A procedure analogous to the preparation of 2 was used to obtain red crystals. Yield: 57% (0.32 g, 0.57 mmol). HRMS: calculated for [¹²C₂₀¹H₂₀¹¹B₁₀⁵²Cr₂¹⁶O₆]⁺ 568.1073. Found: 568.1077. IR spectrum (KBr pellet, cm⁻¹): ν(C_Ar–H) 3021, ν(B–H) 2583, 2589; ν(C≡O) 1965, 1892. ¹H NMR (CDCl₃, 600.1 MHz) δ 7.715 (d, 4H, J = 7.8 Hz, Ph-H), 7.497 (t, 2H, J = 7.2 Hz, Ph-H), 7.406 (t,, 4H, J = 7.8 Hz, Ph-H). ¹¹B NMR (CDCl₃, 192.6 MHz) δ −2.50, −9.49, −11.07, −11.83. ¹³C NMR (CDCl₃, 150.9 MHz) δ 228.85 (Cr-CO), 137.55, 136.15, 134.31 (Ph), 87.17 (C_cab).

4. Conclusions

In conclusion, this study describes the synthesis, X-ray structures, and biological activities of a series of 1,2-diphenyl- and 1,2,3-triphenyl-o-carborane compounds and their corresponding chromium(0) tricarbonyl transition metal complexes, which can be easily stoichiometrically substituted with transition metals to produce highly active biological molecules for BNCT. We presented a general and versatile method for the sequential introduction of phenyl groups into o-carborane and stoichiometrically-coordinated transition metal complexes using chromium(0) hexacarbonyl.
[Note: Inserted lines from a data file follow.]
lemma child_mem_Iof_Gtil:
  "u \<in> Iof m G \<Longrightarrow> i \<in> Cset \<xi> \<delta> G u \<Longrightarrow> u @ [i] \<in> Iof (Suc m) (Gtil \<xi> \<delta> (Suc m) G)"
  by (auto simp: Iof_def Gtil_def Ulev_def Cset_def)

lemma simrel_imp_mem_Iof:
  "simrel \<xi> \<delta> \<mu> n G u y \<Longrightarrow> u \<in> Iof n (Gtil \<xi> \<delta> n G) \<and> y \<in> Iof n (Gtil \<xi> \<delta> n G)"
  by (simp add: simrel_def)

lemma simrel_sym: "simrel \<xi> \<delta> \<mu> n G u y \<Longrightarrow> simrel \<xi> \<delta> \<mu> n G y u"
proof -
  have "sym {(x, y). mrel \<xi> \<delta> \<mu> n G x y \<or> mrel \<xi> \<delta> \<mu> n G y x}" by (auto simp: sym_def)
  then show "simrel \<xi> \<delta> \<mu> n G u y \<Longrightarrow> simrel \<xi> \<delta> \<mu> n G y u"
    unfolding simrel_def by (meson sym_rtrancl symD)
qed

lemma simrel_trans:
  "simrel \<xi> \<delta> \<mu> n G u y \<Longrightarrow> simrel \<xi> \<delta> \<mu> n G y z \<Longrightarrow> simrel \<xi> \<delta> \<mu> n G u z"
  unfolding simrel_def by (meson rtrancl_trans)

lemma finite_simrel_class:
  assumes "finite (fst G)" shows "finite {y. simrel \<xi> \<delta> \<mu> n G y z}"
  by (rule finite_subset[OF _ finite_fst_Gtil[OF assms]]) (auto simp: simrel_def Iof_def)

text \<open>Only for a finite class does the THE in piof denote its lexicographic minimum.\<close>
lemma simrel_piof:
  assumes "finite (fst G)" and "u \<in> Iof n (Gtil \<xi> \<delta> n G)"
  shows "simrel \<xi> \<delta> \<mu> n G u (piof \<xi> \<delta> \<mu> n G u)"
proof -
  define C where "C = {y. simrel \<xi> \<delta> \<mu> n G u y}"
  have "finite C"
    using finite_fst_Gtil[OF assms(1)] by (rule rev_finite_subset) (auto simp: C_def simrel_def Iof_def)
  moreover have "u \<in> C" using assms(2) by (simp add: C_def simrel_def)
  ultimately have Min: "Min C \<in> C" "\<forall>y\<in>C. Min C \<le> y" by (auto intro: Min_in)
  have "piof \<xi> \<delta> \<mu> n G u = Min C"
    unfolding piof_def lexle_iff_le
    by (rule the_equality) (use Min in \<open>auto simp: C_def intro: order_antisym\<close>)
  then show ?thesis using Min(1) by (simp add: C_def)
qed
Interestingly, it was confirmed that the C1–C2 bond length of compound 1 was the longest in compound 2 and the shortest in compound 3. We found that this affected the interaction of the π* orbital of the phenyl group with the σ* orbital of the carborane carbon by functioning as a strong π-receptor to form stable new types of organometallic complexes (2 and 3) through metal(Cr)-to-ligand(Ph) back-bonding interactions. The results clearly show the electron withdrawal properties of the o-carborane when the two phenyl groups are placed face-to-face with each other. Diphenyl- or triphenyl-o-carborane and the corresponding chromium complexes showed higher cytotoxicity than p-boronophenylalanine in B16 and CT26 cancer cell lines; however, boron accumulation was higher than that of p-boronophenylalanine. As a result, it was confirmed that as more chromium metal atoms and/or phenyl groups were substituted in the o-carborane backbone, cytotoxicity increased, but boron accumulation decreased.